As such, size_t in C89 will never be larger than unsigned long, and therefore the cast is always safe - both in that it will not cause any undefined behaviour and in that it will always be large enough to hold the value in entirety.

Worth noting; the C89 standard states: "A conforming implementation may have extensions (including additional library functions), provided they do not alter the behavior of any strictly conforming program" Meaning that no extension could change this behaviour - while still conforming to the C89 standard, as the unsigned integer types have been specifically listed and therefore cannot be altered.

In future standards, this is not a guarantee and while you will not get undefined behaviour - you may lose data where unsigned long is smaller than size_t, meaning that you would display incorrect data to your user. In this situation I'd be hesitant to label it as "safe".

As an important additional note; this answer refers to compilers that are compliant with the C89 standard. It is possible for your C89 compiler to be "less than compliant" in the respects above, in which case - treat the behaviour to be similar to that of C99 or newer where you will not see undefined behaviour, but may suffer data loss if size_t is larger than unsigned long. To be clear though, this would not be complying with the C89 standard.

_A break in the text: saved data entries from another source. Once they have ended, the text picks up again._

lemma (in group) realization_prefix_prod:
  assumes signs: "list_all2 (\<lambda>x y. x = y \<or> x = inv y) xs ys" and xs: "set xs \<subseteq> carrier G"
  shows "realization G (mset ys) (prefix_prod xs)"
  unfolding realization_def
proof (intro conjI exI ballI)
  have len: "length xs = length ys" using signs by (rule list_all2_lengthD)
  show "prefix_prod xs 0 \<in> carrier G" using xs by simp
  have "map (\<lambda>i. ys ! (i - 1)) [1..<length ys + 1] = ys"
    by (simp add: map_Suc_upt[symmetric] comp_def map_nth del: upt_Suc)
  then show "mset (map (\<lambda>i. ys ! (i - 1)) [1..<size (mset ys) + 1]) = mset ys" by simp
  fix i assume "i \<in> {1..size (mset ys)}"
  then have i: "i - 1 < length xs" "Suc (i - 1) = i" using len by auto
  then have "xs ! (i - 1) = ys ! (i - 1) \<or> xs ! (i - 1) = inv (ys ! (i - 1))"
    using list_all2_nthD[OF signs] len by simp
  then have "xs ! (i - 1) = (if xs ! (i - 1) = ys ! (i - 1) then ys ! (i - 1) else inv (ys ! (i - 1)))"
    by auto
  with prefix_prod_Suc[OF xs i(1)] i(2)
  show "prefix_prod xs i = prefix_prod xs (i - 1) \<otimes>
      (if xs ! (i - 1) = ys ! (i - 1) then ys ! (i - 1) else inv (ys ! (i - 1)))"
    by simp
qed
(* Let $W$ be an NDCSE with respect to a closed abelian subgroup $H\subseteq G$. Then $\mathcal A_W=\mathcal T_H\circ\mathcal P_D$, where $\mathcal T_H(X)=\int_H R(h)XR(h)^\dagger\,dh$ (normalized Haar measure on $H$) and $\mathcal P_D$ is the Hilbert–Schmidt orthogonal projector onto $\mathcal L^{\mathcal D}$.
   Context: Standing setting: $G$ compact group with normalized Haar measure, $R:G\to\mathsf U(\mathcal H)$ a continuous unitary representation on a finite-dimensional Hilbert space $\mathcal H$; $\mathcal L=\mathrm{End}(\mathcal H)$ with Hilbert–Schmidt inner product. For an orthonormal basis $W$ of $\mathcal H$, $\mathcal A_W(X)=\sum_{w\in W}\langle w|X|w\rangle|w\rangle\langle w|$. A Fourier basis (FB) is an orthonormal basis $W$ with a decomposition $\mathcal H=\bigoplus_{\eta,i}\mathcal H^{\eta,i}$ into irreducible $G$-submodules such that $W=\bigcup W^{\eta,i}$ with $W^{\eta,i}$ an orthonormal basis of $\mathcal H^{\eta,i}$; $\mathcal L^{\mathcal D}=\bigoplus_{\eta,i}\mathrm{End}(\mathcal H^{\eta,i})$. A commuting subgroup eigenbasis (CSE) with respect to an abelian subgroup $H\subseteq G$ is an FB each of whose elements is a simultaneous eigenvector of all $R(h)$, $h\in H$; it is non-degenerate (NDCSE) if for every $(\eta,i)$ the restriction of $\mathcal H^{\eta,i}$ to $H$ is multiplicity-free (equivalently, distinct elements of $W^{\eta,i}$ carry distinct characters of $H$). *)

theory Defs
  imports "HOL-Probability.Probability" "HOL-Algebra.Group"
begin

definition cinner :: "complex ^ 'n \<Rightarrow> complex ^ 'n \<Rightarrow> complex" where
  "cinner v w = (\<Sum>i\<in>UNIV. cnj (v $ i) * w $ i)"

definition adj :: "complex ^ 'n ^ 'm \<Rightarrow> complex ^ 'm ^ 'n" where
  "adj A = (\<chi> i j. cnj (A $ j $ i))"

definition outer :: "complex ^ 'n \<Rightarrow> complex ^ 'n \<Rightarrow> complex ^ 'n ^ 'n" where
  "outer v w = (\<chi> i j. v $ i * cnj (w $ j))"

text \<open>Hilbert-Schmidt inner product  tr(X^dagger Y)\<close>
definition hs_inner :: "complex ^ 'n ^ 'n \<Rightarrow> complex ^ 'n ^ 'n \<Rightarrow> complex" where
  "hs_inner X Y = (\<Sum>i\<in>UNIV. \<Sum>j\<in>UNIV. cnj (X $ i $ j) * Y $ i $ j)"

definition orthonormal_basis :: "(complex ^ 'n) set \<Rightarrow> bool" where
  "orthonormal_basis W \<longleftrightarrow> finite W \<and> card W = CARD('n) \<and>
     (\<forall>v\<in>W. \<forall>w\<in>W. cinner v w = (if v = w then 1 else 0))"

definition csubspace :: "(complex ^ 'n) set \<Rightarrow> bool" where
  "csubspace S \<longleftrightarrow> 0 \<in> S \<and> (\<forall>x\<in>S. \<forall>y\<in>S. x + y \<in> S) \<and> (\<forall>c. \<forall>x\<in>S. c *s x \<in> S)"

definition cspan :: "(complex ^ 'n) set \<Rightarrow> (complex ^ 'n) set" where
  "cspan A = {v. \<exists>c. v = (\<Sum>w\<in>A. c w *s w)}"

definition invariant_under :: "('g, 'b) monoid_scheme \<Rightarrow> ('g \<Rightarrow> complex ^ 'n ^ 'n) \<Rightarrow> (complex ^ 'n) set \<Rightarrow> bool" where
  "invariant_under G R S \<longleftrightarrow> (\<forall>g\<in>carrier G. \<forall>v\<in>S. R g *v v \<in> S)"

definition irreducible_submodule :: "('g, 'b) monoid_scheme \<Rightarrow> ('g \<Rightarrow> complex ^ 'n ^ 'n) \<Rightarrow> (complex ^ 'n) set \<Rightarrow> bool" where
  "irreducible_submodule G R S \<longleftrightarrow> csubspace S \<and> invariant_under G R S \<and> S \<noteq> {0} \<and>
     (\<forall>V. csubspace V \<and> V \<subseteq> S \<and> invariant_under G R V \<longrightarrow> V = {0} \<or> V = S)"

Beyond this, while my interpretation of the standard (1.7 Compliance) is that while it states extensions must not alter the behaviour of a "strictly conforming program" and as such cannot alter the fact that size_t must be unsigned long at largest without complying; it does not change the fact that such extensions do exist. For example GNU GCC does provide an extension that adds unsigned long long. In my view this is non-compliant, but the reality is you must be prepared to deal with such things and as such - while the standard says what you are doing is completely safe, you must be prepared for potential data loss where non-compliant compilers or extensions are used.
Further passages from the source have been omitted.